Random Forest achieved:
- Higher ROC-AUC
- Better recall for breakdown class
- Stronger nonlinear pattern detection

Given the business objective (reduce unexpected breakdowns),
we prioritize recall and select the tuned Random Forest model.

## 13. Kaggle Submission

In [None]:
test_ids = test_df["id"]
test_features = test_df.drop("id", axis=1)

test_probs = rf_pipeline.predict_proba(test_features)[:,1]
threshold = 0.4
test_preds = (test_probs > threshold).astype(int)

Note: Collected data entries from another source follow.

lemma three_card_tight_fractional_cycles_le:
  assumes "y \<in> polytope"
  shows "3 * card (tight_fractional_cycles y) \<le> (\<Sum>v\<in>V. excess y v)"
proof -
  let ?R = "tight_fractional_cycles y"
  have "finite ?R" using finite_cycles by (simp add: tight_fractional_cycles_def)
  have "3 * card ?R = (\<Sum>C\<in>?R. 3)" by simp
  also have "\<dots> \<le> (\<Sum>C\<in>?R. card {v \<in> V. v \<in> set C \<and> 0 < cycle_slack y C v})"
  proof (rule sum_mono)
    fix C assume C: "C \<in> ?R"
    then have "{v \<in> V. v \<in> set C \<and> 0 < cycle_slack y C v} = {v \<in> set C. 0 < cycle_slack y C v}"
      using cycle(4) by (auto simp: tight_fractional_cycles_def)
    then show "3 \<le> card {v \<in> V. v \<in> set C \<and> 0 < cycle_slack y C v}"
      using three_slack_vertices[OF assms] C by (simp add: tight_fractional_cycles_def)
  qed
  also have "\<dots> = (\<Sum>v\<in>V. card {C \<in> ?R. v \<in> set C \<and> 0 < cycle_slack y C v})"
    using sum.swap_restrict[OF \<open>finite ?R\<close> finite_V, of "\<lambda>_ _. 1::nat"] by simp
  also have "\<dots> \<le> (\<Sum>v\<in>V. excess y v)"
    by (rule sum_mono) (rule card_slack_cycles_le_excess[OF assms])
  finally show ?thesis .
qed

lemma sum_excess:
  assumes "y \<in> polytope"
  shows "(\<Sum>v\<in>V. excess y v) + 2 * card (tight_fractional_vertices y)
    = 2 * card (fractional_edges y)"
proof -
  let ?T = "tight_fractional_vertices y"
  have "?T \<subseteq> V" by (auto simp: tight_fractional_vertices_def)
  then have "2 * card ?T = (\<Sum>v\<in>V. if v \<in> ?T then 2 else 0)"
    using finite_V by (simp add: sum.If_cases Int_absorb1)
  moreover have "excess y v + (if v \<in> ?T then 2 else 0) = fractional_degree y v" for v
    using two_le_fractional_degree[OF assms, of v] by (simp add: excess_def)
  ultimately show ?thesis using sum_fractional_degree[of y] by (simp add: sum.distrib[symmetric])
qed

lemma sum_delta_fractional:
  assumes "\<forall>e. e \<notin> fractional_edges y \<longrightarrow> d e = 0"
  shows "(\<Sum>e\<in>delta E v. d e) = (\<Sum>e\<in>delta E v \<inter> fractional_edges y. d e)"
  by (rule sum.mono_neutral_right) (use finite_delta assms in auto)

lemma admissible_direction_if_few_tight:
  assumes "card (tight_fractional_vertices y) + card (tight_fractional_cycles y)
    < card (fractional_edges y)"
  shows "\<exists>d e0. admissible_direction y d \<and> d e0 \<noteq> 0"
proof -
  let ?F = "fractional_edges y" and ?T = "tight_fractional_vertices y"
    and ?R = "tight_fractional_cycles y"
  have "finite ?T" "finite ?R"
    using finite_V finite_cycles
    by (simp_all add: tight_fractional_vertices_def tight_fractional_cycles_def)
  \<comment> \<open>One homogeneous equation per tight vertex and per tight cycle, in the unknowns d e, e \<in> F.\<close>
  define r :: "'a + 'a list \<Rightarrow> 'a set \<Rightarrow> real" where
    "r j e = (case j of
       Inl v \<Rightarrow> if v \<in> e then 1 else 0
     | Inr C \<Rightarrow> if e \<in> cycle_edges C then 1 else 0)"
    for j e
  have "card (?T <+> ?R) < card ?F" using assms \<open>finite ?T\<close> \<open>finite ?R\<close> by (simp add: card_Plus)
  then obtain d where d0: "\<forall>e. e \<notin> ?F \<longrightarrow> d e = 0" and "\<exists>e\<in>?F. d e \<noteq> 0"
    and equations: "\<forall>j\<in>?T <+> ?R. (\<Sum>e\<in>?F. r j e * d e) = 0"
    using homogeneous_system_nontrivial_solution[OF finite_fractional_edges, of "?T <+> ?R" y r]
      \<open>finite ?T\<close> \<open>finite ?R\<close> by auto
  have "(\<Sum>e\<in>delta E v. d e) = 0" if v: "v \<in> V" "tight_vertex y v" for v
  proof (cases "v \<in> ?T")
    case True
    have "(\<Sum>e\<in>?F. r (Inl v) e * d e) = (\<Sum>e\<in>{e \<in> ?F. v \<in> e}. d e)"
      unfolding sum.inter_filter[OF finite_fractional_edges] by (intro sum.cong) (auto simp: r_def)
    also have "{e \<in> ?F. v \<in> e} = delta E v \<inter> ?F" by (auto simp: delta_def fractional_edges_def)
    moreover have "(\<Sum>e\<in>?F. r (Inl v) e * d e) = 0" using equations True by blast
    ultimately show ?thesis using sum_delta_fractional[OF d0] by simp
  next
    case False
    then show ?thesis
      using v sum_delta_fractional[OF d0] by (simp add: tight_fractional_vertices_def)
  qed
  moreover have "(\<Sum>e\<in>cycle_edges C. d e) = 0" if C: "C \<in> ?R" for C
  proof -
    have "(\<Sum>e\<in>?F. r (Inr C) e * d e) = (\<Sum>e\<in>{e \<in> ?F. e \<in> cycle_edges C}. d e)"
      unfolding sum.inter_filter[OF finite_fractional_edges] by (intro sum.cong) (auto simp: r_def)
    also have "{e \<in> ?F. e \<in> cycle_edges C} = cycle_edges C"
      using C by (auto simp: tight_fractional_cycles_def)
    moreover have "(\<Sum>e\<in>?F. r (Inr C) e * d e) = 0" using equations C by blast
    ultimately show ?thesis by simp
  qed
  ultimately have "admissible_direction y d"
    using d0 by (auto simp: admissible_direction_def tight_fractional_cycles_def)
  then show ?thesis using \<open>\<exists>e\<in>?F. d e \<noteq> 0\<close> by blast
qed

lemma admissible_direction_half_shift:
  assumes y: "y \<in> polytope" and "tight_fractional_cycles y = {}" and "\<forall>v\<in>V. excess y v = 0"
  shows "admissible_direction y (\<lambda>e. if e \<in> fractional_edges y then y e - 1/2 else 0)"
proof -
  let ?F = "fractional_edges y"
  define d where "d e = (if e \<in> ?F then y e - 1/2 else 0)" for e
  have d0: "\<forall>e. e \<notin> ?F \<longrightarrow> d e = 0" by (simp add: d_def)
  have "(\<Sum>e\<in>delta E v. d e) = 0" if v: "v \<in> V" "tight_vertex y v" for v
  proof (cases "v \<in> tight_fractional_vertices y")
    case True
    then obtain f where f: "f \<in> delta E v \<inter> ?F" by (auto simp: tight_fractional_vertices_def)
    have "excess y v = 0" using assms(3) v(1) by blast
    then have "card (delta E v \<inter> ?F) = 2"
      using two_le_fractional_degree[OF y True] True by (simp add: excess_def fractional_degree_def)
    moreover have "(\<Sum>e\<in>delta E v \<inter> ?F. y e) = 1"
      by (rule sum_fractional_delta_if_tight[OF y v f])
    ultimately have "(\<Sum>e\<in>delta E v \<inter> ?F. y e - 1/2) = 0" by (simp add: sum_subtractf)
    then show ?thesis using sum_delta_fractional[OF d0] by (simp add: d_def)
  next
    case False
    then show ?thesis
      using v sum_delta_fractional[OF d0] by (simp add: tight_fractional_vertices_def)
  qed
  then show ?thesis
    using d0 assms(2) unfolding d_def[symmetric]
    by (auto simp: admissible_direction_def tight_fractional_cycles_def)
qed

lemma admissible_direction_exists:
  assumes y: "y \<in> polytope" and "\<not> half_integral E y"
  shows "\<exists>d e0. admissible_direction y d \<and> d e0 \<noteq> 0"
proof (cases "card (tight_fractional_vertices y) + card (tight_fractional_cycles y)
    < card (fractional_edges y)")
  case False
  have "finite (tight_fractional_cycles y)"
    using finite_cycles by (simp add: tight_fractional_cycles_def)
  moreover have "card (tight_fractional_cycles y) = 0" "(\<Sum>v\<in>V. excess y v) = 0"
    using False three_card_tight_fractional_cycles_le[OF y] sum_excess[OF y] by linarith+
  ultimately have "tight_fractional_cycles y = {}" "(\<Sum>v\<in>V. excess y v) = 0" by simp_all
  then have "admissible_direction y (\<lambda>e. if e \<in> fractional_edges y then y e - 1/2 else 0)"
    using admissible_direction_half_shift[OF y] finite_V by simp
  moreover obtain e0 where "e0 \<in> E" "y e0 \<notin> {0, 1/2, 1}"
    using \<open>\<not> half_integral E y\<close> by (auto simp: half_integral_def)
  then have "e0 \<in> fractional_edges y \<and> y e0 - 1/2 \<noteq> 0"
    using polytopeD(2)[OF y \<open>e0 \<in> E\<close>] by (auto simp: fractional_edges_def less_le)
  ultimately show ?thesis by fastforce
qed (rule admissible_direction_if_few_tight)

section \<open>Extreme points and optimal solutions\<close>

lemma half_integral_if_extreme_point:
  assumes "extreme_point polytope x"
  shows "half_integral E x"
proof (rule ccontr)
  assume "\<not> half_integral E x"
  moreover have x: "x \<in> polytope" using assms by (simp add: extreme_point_def)
  ultimately obtain d e0 where d: "admissible_direction x d" "d e0 \<noteq> 0"
    using admissible_direction_exists by blast
  obtain l1 where "l1 > 0" "\<forall>t. 0 \<le> t \<and> t \<le> l1 \<longrightarrow> move x d t \<in> polytope"
    using maximal_move[OF x d] by blast
  moreover obtain l2 where "l2 > 0" "\<forall>t. 0 \<le> t \<and> t \<le> l2 \<longrightarrow> move x (\<lambda>e. - d e) t \<in> polytope"
    using maximal_move[OF x admissible_direction_uminus[OF d(1)], of e0] d(2) by auto
  ultimately have a: "move x d (min l1 l2) \<in> polytope"
    and b: "move x (\<lambda>e. - d e) (min l1 l2) \<in> polytope" by simp_all
  have ne: "move x (\<lambda>e. - d e) (min l1 l2) \<noteq> move x d (min l1 l2)"
    using \<open>l1 > 0\<close> \<open>l2 > 0\<close> d(2) by (auto simp: move_def fun_eq_iff intro!: exI[of _ e0])
  have mid: "x = (\<lambda>e. (1 - 1/2) * move x (\<lambda>e. - d e) (min l1 l2) e + 1/2 * move x d (min l1 l2) e)"
    by (simp add: move_def algebra_simps)
  have "\<forall>y\<in>polytope. \<forall>z\<in>polytope. \<forall>t::real. 0 < t \<and> t < 1 \<and> y \<noteq> z
      \<longrightarrow> x \<noteq> (\<lambda>e. (1 - t) * y e + t * z e)"
    using assms by (simp add: extreme_point_def)
  from this[rule_format, OF b a, of "1/2"] show False using ne mid by simp
qed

submission = pd.DataFrame({
    "id": test_ids,
    "breakdown_next_30_days": test_preds
})

submission.to_csv("submission.csv", index=False)
submission.head()

## GenAI Usage Statement

GenAI tools were used to explore potential modeling strategies and 
improve notebook structure.

All preprocessing decisions, model choices, threshold tuning, and 
interpretations were made by the team and are fully understood.

We ensured:
- Every preprocessing step is explainable
- Every metric choice is justified
- Model behavior is interpretable

The team retains full ownership and responsibility for all decisions.